BOB passes away, leaving a de facto spouse, Michelle and two adult children, Tina and Chris.
Bob's will appoints his children as executors. The will grants Michelle the right to reside in Bob's house until she "may marry or enter into a de facto relationship" provided she pays all rates, taxes and insurance and keeps the property in reasonable repair.
Michelle also receives the sum of $15,000 and Tina and Chris receive the balance of his $1 million estate, consisting of a number of parcels of real estate and $200,000 in cash.
Michelle is concerned that if she needs to move out of Bob's house, she will not have the funds to comfortably relocate. She is also aware that she may need to acquire an interest in a retirement home and that Bob's will makes no provision for her in this regard.
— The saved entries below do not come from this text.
lemma coef_limits_at_top:
  fixes U V \<phi> g dg :: "real \<Rightarrow> real"
  assumes \<phi>: "\<forall>x. (\<phi> has_real_derivative deriv \<phi> x) (at x)" "continuous_on UNIV (deriv \<phi>)"
    and g: "continuous_on {0..} dg" "\<forall>x\<ge>0. (g has_real_derivative dg x) (at x within {0..})"
    and vp: "vp > 0" "g vp = um"
    and "chi > 0"
    and pulse: "traveling_pulse \<epsilon> chi s \<phi> g um vp vm U V"
    and diff: "\<forall>\<xi>. (\<lambda>\<eta>. U \<eta> * deriv \<phi> (deriv V \<eta>)) differentiable (at \<xi>)"
    and m12: "buc (coef_m12 chi \<phi> U V)"
  shows "(coef_d12 chi \<phi> U V \<longlongrightarrow> - chi * um * deriv \<phi> 0) at_top"
    "(coef_m11 chi s \<phi> V \<longlongrightarrow> s - chi * \<phi> 0) at_top"
    "(coef_m12 chi \<phi> U V \<longlongrightarrow> 0) at_top"
    "(coef_n11 chi \<phi> V \<longlongrightarrow> 0) at_top"
    "(coef_n22 \<epsilon> dg V \<longlongrightarrow> - dg vp / \<epsilon>) at_top"
proof -
  have V': "\<forall>\<xi>. (deriv V has_real_derivative (- \<epsilon> * s * deriv V \<xi> - U \<xi> + g (V \<xi>))) (at \<xi>)"
    and U: "(U \<longlongrightarrow> um) at_top" and V: "(V \<longlongrightarrow> vp) at_top" and "(deriv V \<longlongrightarrow> 0) at_top"
    using pulse unfolding traveling_pulse_def by auto
  have "isCont (deriv \<phi>) 0" "isCont \<phi> 0"
    using \<phi> continuous_on_eq_continuous_at DERIV_isCont by blast+
  then have \<phi>'V': "((\<lambda>x. deriv \<phi> (deriv V x)) \<longlongrightarrow> deriv \<phi> 0) at_top"
    and \<phi>V': "((\<lambda>x. \<phi> (deriv V x)) \<longlongrightarrow> \<phi> 0) at_top"
    using isCont_tendsto_compose \<open>(deriv V \<longlongrightarrow> 0) at_top\<close> by blast+
  have "at vp within {0..} = at vp"
    using vp(1) by (intro at_within_interior) simp
  moreover have "(g has_real_derivative dg vp) (at vp within {0..})"
    using g(2) vp(1) by simp
  ultimately have "isCont dg vp" "(g has_real_derivative dg vp) (at vp)"
    using g(1) vp(1) continuous_on_interior[of "{0..}" dg vp] by auto
  then have "isCont dg vp" "isCont g vp"
    using DERIV_isCont by blast+
  then have dgV: "((\<lambda>x. dg (V x)) \<longlongrightarrow> dg vp) at_top" and gV: "((\<lambda>x. g (V x)) \<longlongrightarrow> um) at_top"
    using isCont_tendsto_compose V vp(2) by blast+
  show "(coef_d12 chi \<phi> U V \<longlongrightarrow> - chi * um * deriv \<phi> 0) at_top"
    unfolding coef_d12_def by (intro tendsto_intros U \<phi>'V')
  show "(coef_m11 chi s \<phi> V \<longlongrightarrow> s - chi * \<phi> 0) at_top"
    unfolding coef_m11_def by (intro tendsto_intros \<phi>V')
  show "(coef_n22 \<epsilon> dg V \<longlongrightarrow> - dg vp / \<epsilon>) at_top"
    unfolding coef_n22_def divide_inverse by (intro tendsto_intros dgV)
  have "deriv (\<lambda>\<eta>. \<phi> (deriv V \<eta>)) x = deriv \<phi> (deriv V x) * (- \<epsilon> * s * deriv V x - U x + g (V x))" for x
    using \<phi>(1) V' by (intro DERIV_imp_deriv DERIV_chain2) auto
  moreover have "((\<lambda>x. - chi * (deriv \<phi> (deriv V x) * (- \<epsilon> * s * deriv V x - U x + g (V x))))
      \<longlongrightarrow> - chi * (deriv \<phi> 0 * (- \<epsilon> * s * 0 - um + um))) at_top"
    by (intro tendsto_intros \<phi>'V' U gV \<open>(deriv V \<longlongrightarrow> 0) at_top\<close>)
  ultimately show "(coef_n11 chi \<phi> V \<longlongrightarrow> 0) at_top"
    by (simp add: coef_n11_def[abs_def])
  have "((\<lambda>\<eta>. U \<eta> * deriv \<phi> (deriv V \<eta>)) \<longlongrightarrow> um * deriv \<phi> 0) at_top"
    by (intro tendsto_intros U \<phi>'V')
  then show "(coef_m12 chi \<phi> U V \<longlongrightarrow> 0) at_top"
    using \<open>chi > 0\<close> diff m12 by (intro coef_m12_tendsto_0) auto
qed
Michelle is also concerned about what would happen to her if she entered into another relationship.
Michelle commences court action, claiming that the provision that she receives from Bob's estate is not "proper and adequate".
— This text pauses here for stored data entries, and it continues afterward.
(* Let $\mu$ be a Borel probability measure satisfying Assumption A (see context) and let $t>1$. Then $\mathrm{Re}\,\omega_t$ is strictly increasing on the real line and $\mathrm{Re}\,\omega_t'(z)\ge\frac12$ for every $z\in\mathbb{C}^+$. Moreover $\omega_t$ is a homeomorphism of $\mathbb{C}^+\cup\mathbb{R}$ onto its image and is biholomorphic on $\mathbb{C}^+\cup\mathbb{R}\setminus\mathrm{supp}(\mu^{\boxplus t})$.
   Context: Assumption A: $n_{\mathrm{ac}},n_{\mathrm{pp}},n^{\mathrm{out}}_{\mathrm{pp}}\ge1$ integers; $\mu$ is a compactly supported Borel probability measure on $\mathbb{R}$ whose singular part is supported on a finite set $\{x_1,\dots,x_{n_{\mathrm{pp}}}\}$, whose absolutely continuous part $\mu_{\mathrm{ac}}$ is supported on $n_{\mathrm{ac}}$ intervals $[E_j^-,E_j^+]$, with exactly $n^{\mathrm{out}}_{\mathrm{pp}}$ atoms outside $\mathrm{supp}(\mu_{\mathrm{ac}})$, no atom at the endpoints $E_j^\pm$, and density $\rho$ with $C_j^{-1}<\rho(x)/\big((x-E_j^-)^{t_j^-}(E_j^+-x)^{t_j^+}\big)<C_j$ a.e. on $[E_j^-,E_j^+]$ for some $-1<t_j^\pm<1$, $C_j\ge1$. $m_\nu(z)=\int\frac{1}{x-z}\nu(dx)$, $F_\nu=-1/m_\nu$. For $t\ge1$, $\omega_t:\mathbb{C}^+\to\mathbb{C}^+$ is the analytic subordination function with $\mathrm{Im}\,\omega_t(z)\ge\mathrm{Im}\,z$, $\omega_t(i\eta)/(i\eta)\to1$ as $\eta\to\infty$, and $t\omega_t(z)-z=(t-1)F_\mu(\omega_t(z))$; $\mu^{\boxplus t}$ is the probability measure with $F_{\mu^{\boxplus t}}=F_\mu\circ\omega_t$. For $t>1$, $\omega_t$ extends continuously to $\mathbb{C}^+\cup\mathbb{R}$ (with values in $\mathbb{C}^+\cup\mathbb{R}\cup\{\infty\}$), and $\omega_t$ on $\mathbb{R}$ denotes this extension. *)

theory Defs
  imports "HOL-Probability.Probability" "HOL-Complex_Analysis.Complex_Analysis"
begin

definition msupp :: "real measure \<Rightarrow> real set" where
  "msupp \<nu> = {x. \<forall>e>0. emeasure \<nu> {x - e <..< x + e} > 0}"

definition stieltjes :: "real measure \<Rightarrow> complex \<Rightarrow> complex" where
  "stieltjes \<nu> z = integral\<^sup>L \<nu> (\<lambda>x. 1 / (complex_of_real x - z))"

definition Ftrans :: "real measure \<Rightarrow> complex \<Rightarrow> complex" where
  "Ftrans \<nu> z = - 1 / stieltjes \<nu> z"

definition UHP :: "complex set" where
  "UHP = {z. Im z > 0}"

definition assumption_A :: "real measure \<Rightarrow> nat \<Rightarrow> nat \<Rightarrow> nat \<Rightarrow> bool" where
  "assumption_A \<mu> n_ac n_pp n_out \<longleftrightarrow>
     n_ac \<ge> 1 \<and> n_pp \<ge> 1 \<and> n_out \<ge> 1 \<and>
     prob_space \<mu> \<and> sets \<mu> = sets borel \<and>
     (\<exists>K. compact K \<and> emeasure \<mu> (UNIV - K) = 0) \<and>
     (\<exists>(Em :: nat \<Rightarrow> real) (Ep :: nat \<Rightarrow> real) (tm :: nat \<Rightarrow> real) (tp :: nat \<Rightarrow> real)
        (C :: nat \<Rightarrow> real) (\<rho> :: real \<Rightarrow> real) (X :: real set) (w :: real \<Rightarrow> real).
        (\<forall>j<n_ac. Em j < Ep j) \<and>
        (\<forall>j. Suc j < n_ac \<longrightarrow> Ep j < Em (Suc j)) \<and>
        finite X \<and> card X = n_pp \<and> (\<forall>x\<in>X. w x > 0) \<and>
        \<rho> \<in> borel_measurable borel \<and> (\<forall>x. \<rho> x \<ge> 0) \<and>
        (\<forall>x. (\<forall>j<n_ac. x \<notin> {Em j .. Ep j}) \<longrightarrow> \<rho> x = 0) \<and>
        (\<forall>A\<in>sets borel. emeasure \<mu> A =
            (\<integral>\<^sup>+ x. ennreal (\<rho> x) * indicator A x \<partial>lborel)
            + (\<Sum>x\<in>X. ennreal (w x) * indicator A x)) \<and>
        (\<forall>j<n_ac. -1 < tm j \<and> tm j < 1 \<and> -1 < tp j \<and> tp j < 1 \<and> C j \<ge> 1 \<and>
           (AE x in lborel. x \<in> {Em j <..< Ep j} \<longrightarrow>
              1 / C j < \<rho> x / ((x - Em j) powr tm j * (Ep j - x) powr tp j) \<and>
              \<rho> x / ((x - Em j) powr tm j * (Ep j - x) powr tp j) < C j)) \<and>
        card {x\<in>X. x \<notin> msupp (density lborel (\<lambda>x. ennreal (\<rho> x)))} = n_out \<and>
        (\<forall>j<n_ac. Em j \<notin> X \<and> Ep j \<notin> X))"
The court recognises that Michelle and Bob had been in a relationship for around 30 years, that Michelle had a life expectancy of a further 20 years and that her relationship with Bob's children was a hostile one.
The court ultimately orders that Michelle receives the house "outright" and the sum of $40,000. The court also takes the creative approach of awarding Michelle an additional $120,000 by way of a loan from the estate, repayable upon her death and secured against the house or any other interests in property that Michelle may have in the future.